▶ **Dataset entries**
(* There is an absolute constant $C>0$ such that for every $h\in\mathbb N$ and every $P\in\mathcal C(h)$ all of whose holes are axis-aligned rectangles, $\varrho(P)\le C$.
   Context: For $h\in\mathbb N$, $\mathcal C(h)$ denotes the family of polygonal domains $P=P_0\setminus\bigcup_{i=1}^h \operatorname{int}(P_i)$, where $P_0$ is a convex polygon in the plane and $P_1,\dots,P_h$ (the holes) are pairwise disjoint convex polygons contained in the interior of $P_0$. For $s,t\in P$, ${\rm geod}(s,t)$ is the infimum of the Euclidean lengths of polygonal paths from $s$ to $t$ contained in $P$; ${\rm diam}_2(P)=\sup_{s,t\in P}|st|$, ${\rm diam}_g(P)=\sup_{s,t\in P}{\rm geod}(s,t)$, and $\varrho(P)={\rm diam}_g(P)/{\rm diam}_2(P)$. *)

theory Defs
  imports "HOL-Analysis.Analysis"
begin

type_synonym pt = "real ^ 2"

definition convex_polygon :: "pt set \<Rightarrow> bool" where
  "convex_polygon S \<longleftrightarrow> (\<exists>V. finite V \<and> S = convex hull V) \<and> interior S \<noteq> {}"

definition axis_rectangle :: "pt set \<Rightarrow> bool" where
  "axis_rectangle S \<longleftrightarrow> (\<exists>a b. a$1 < b$1 \<and> a$2 < b$2 \<and> S = cbox a b)"

definition polygonal_domain :: "pt set \<Rightarrow> nat \<Rightarrow> (nat \<Rightarrow> pt set) \<Rightarrow> pt set" where
  "polygonal_domain P0 h H = P0 - (\<Union>i\<in>{1..h}. interior (H i))"

definition in_class_C :: "nat \<Rightarrow> pt set \<Rightarrow> (nat \<Rightarrow> pt set) \<Rightarrow> bool" where
  "in_class_C h P0 H \<longleftrightarrow> convex_polygon P0 \<and>
     (\<forall>i\<in>{1..h}. convex_polygon (H i) \<and> H i \<subseteq> interior P0) \<and>
     (\<forall>i\<in>{1..h}. \<forall>j\<in>{1..h}. i \<noteq> j \<longrightarrow> H i \<inter> H j = {})"

definition polygonal_path :: "pt set \<Rightarrow> pt \<Rightarrow> pt \<Rightarrow> pt list \<Rightarrow> bool" where
  "polygonal_path P s t ps \<longleftrightarrow> ps \<noteq> [] \<and> hd ps = s \<and> last ps = t \<and>
     (\<forall>i < length ps - 1. closed_segment (ps ! i) (ps ! Suc i) \<subseteq> P)"

definition path_len :: "pt list \<Rightarrow> real" where
  "path_len ps = (\<Sum>i < length ps - 1. dist (ps ! i) (ps ! Suc i))"

definition geod :: "pt set \<Rightarrow> pt \<Rightarrow> pt \<Rightarrow> real" where
  "geod P s t = Inf {path_len ps | ps. polygonal_path P s t ps}"

definition diam2 :: "pt set \<Rightarrow> real" where
  "diam2 P = Sup {dist s t | s t. s \<in> P \<and> t \<in> P}"

definition diamg :: "pt set \<Rightarrow> real" where
  "diamg P = Sup {geod P s t | s t. s \<in> P \<and> t \<in> P}"

definition rho :: "pt set \<Rightarrow> real" where
  "rho P = diamg P / diam2 P"

end

theory Submission
  imports Defs
begin

text \<open>
  Let \<open>u(x)\<close> be the highest point of \<open>P\<^sub>0\<close> above the abscissa \<open>x\<close>. These points lie on the
  boundary of \<open>P\<^sub>0\<close>, hence avoid the holes, and their height is a concave function of \<open>x\<close>:
  continuous, increasing up to the summit \<open>p\<^sub>T\<close> of \<open>P\<^sub>0\<close> and decreasing after it.

  From a point \<open>p\<close> of the domain walk straight up. If the vertical segment to \<open>u(p\<^sub>1)\<close> meets
  holes, stop at the bottom edge of the lowest one, walk left to its lower left corner and up its
  left edge, and start again from its upper left corner. Since every step goes up or left, this
  staircase reaches some \<open>u(x)\<close> with length at most the \<open>\<ell>\<^sub>1\<close> distance, i.e. at most twice the
  Euclidean distance. From \<open>u(x)\<close> the upper boundary leads monotonically to \<open>p\<^sub>T\<close>; short chords of
  it stay in the domain because the holes keep a positive distance from the boundary of \<open>P\<^sub>0\<close>, and
  by monotonicity their total length is again at most the \<open>\<ell>\<^sub>1\<close> distance. Joining two points
  through \<open>p\<^sub>T\<close> gives \<open>geod \<le> 8 diam\<^sub>2\<close>, so \<open>\<rho> \<le> 8\<close>.
\<close>

lemma polygonal_path_singleton: "polygonal_path P s t [x] \<longleftrightarrow> s = x \<and> t = x"
  by (auto simp: polygonal_path_def)
(* Assume that at each bus either there is no generator or there are at least two generators ($n_i=0$ or $n_i\ge2$ for all $i$), and that the optimizer $x^*$ of the DC-OPF problem satisfies $x^*_n>0$ for all $n$. Then the inelastic electricity market game has a unique efficient Nash equilibrium $b^*$, given by $b^*_n=2a_nx^*_n+c_n$ for all $n$.
   Context: Network: a directed graph $\mathcal G=(\mathcal V,\mathcal E)$ with buses $\mathcal V=\{1,\dots,N_b\}$ and power lines $\mathcal E$; $\mathcal N_i^+=\{j:(i,j)\in\mathcal E\}$, $\mathcal N_i^-=\{j:(j,i)\in\mathcal E\}$. Each line $(i,j)$ carries flow $z_{ij}$ with limit $\bar z_{ij}>0$. There are $N$ generators; $G_i$ is the (possibly empty) set of generators at bus $i$, the $G_i$ partition $\{1,\dots,N\}$, $n_i=|G_i|$. Bus $i$ has load $y_i\ge0$. Generator $n$ has cost $f_n(x)=a_nx^2+c_nx$, $a_n>0$, $c_n\ge0$. DC-OPF: minimize $\sum_n f_n(x_n)$ s.t. $\sum_{j\in\mathcal N_i^+}z_{ij}-\sum_{j\in\mathcal N_i^-}z_{ji}=\sum_{n\in G_i}x_n-y_i$ for all $i$, $|z_{ij}|\le\bar z_{ij}$ for all $(i,j)\in\mathcal E$, $x\ge0$; assumed feasible with optimizer $(x^*,z^* )$, $x^*$ unique. S-DC-OPF given bids $b\ge0$: same constraints, objective $\sum_n b_nx_n$. Game: players are generators, actions bids $b_n\ge0$; given an optimizer $x^{\rm opt}(b)$ of S-DC-OPF chosen by the operator, payoff $u_n=b_nx^{\rm opt}_n(b)-f_n(x^{\rm opt}_n(b))$. Nash equilibrium: $b^*\ge0$ for which some optimizer $x^{\rm opt}(b^* )$ of S-DC-OPF$(b^* )$ satisfies, for all $n$, all $b_n\ge0$ and all optimizers $x^{\rm opt}(b_n,b^*_{-n})$ of S-DC-OPF$(b_n,b^*_{-n})$, $u_n(b_n,x^{\rm opt}_n(b_n,b^*_{-n}))\le u_n(b^*_n,x^{\rm opt}_n(b^* ))$. Efficient bid: $b^*\ge0$ such that $(x^*,z^* )$ optimizes S-DC-OPF$(b^* )$ and $x^*_n=\arg\max_{x\ge0}(b^*_nx-f_n(x))$ for all $n$. Efficient Nash equilibrium: an efficient bid that is a Nash equilibrium. *)

theory Defs
  imports Main "HOL.Real"
begin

▶ **Task instructions**
What are the lines, exactly as written above, from the line with "set \<Rightarrow> (nat" to the line with "i \<noteq> j", both included? Output only those.

▶ **Expected answer**
definition in_class_C :: "nat \<Rightarrow> pt set \<Rightarrow> (nat \<Rightarrow> pt set) \<Rightarrow> bool" where
  "in_class_C h P0 H \<longleftrightarrow> convex_polygon P0 \<and>
     (\<forall>i\<in>{1..h}. convex_polygon (H i) \<and> H i \<subseteq> interior P0) \<and>
     (\<forall>i\<in>{1..h}. \<forall>j\<in>{1..h}. i \<noteq> j \<longrightarrow> H i \<inter> H j = {})"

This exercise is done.